**Your instructions**
Scan the records below for the word "then". Copy each line where it appears.

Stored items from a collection
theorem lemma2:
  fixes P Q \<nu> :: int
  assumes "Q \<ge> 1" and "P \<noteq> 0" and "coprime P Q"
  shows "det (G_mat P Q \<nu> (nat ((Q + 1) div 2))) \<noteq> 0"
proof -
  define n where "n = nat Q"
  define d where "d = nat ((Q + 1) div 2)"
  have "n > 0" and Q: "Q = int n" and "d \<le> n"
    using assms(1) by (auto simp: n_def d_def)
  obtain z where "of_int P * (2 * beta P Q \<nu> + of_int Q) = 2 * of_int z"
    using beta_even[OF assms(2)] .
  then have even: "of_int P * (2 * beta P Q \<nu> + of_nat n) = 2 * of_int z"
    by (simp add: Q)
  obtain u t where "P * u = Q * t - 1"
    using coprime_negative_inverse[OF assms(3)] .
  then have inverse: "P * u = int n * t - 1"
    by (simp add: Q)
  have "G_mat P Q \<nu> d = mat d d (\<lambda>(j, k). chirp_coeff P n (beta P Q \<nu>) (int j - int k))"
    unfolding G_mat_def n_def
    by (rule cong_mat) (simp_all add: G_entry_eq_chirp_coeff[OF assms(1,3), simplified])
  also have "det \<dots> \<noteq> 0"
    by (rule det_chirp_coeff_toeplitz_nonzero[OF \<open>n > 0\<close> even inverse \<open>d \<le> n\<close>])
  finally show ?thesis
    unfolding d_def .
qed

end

**Solution for this task**
  then have even: "of_int P * (2 * beta P Q \<nu> + of_nat n) = 2 * of_int z"
  then have inverse: "P * u = int n * t - 1"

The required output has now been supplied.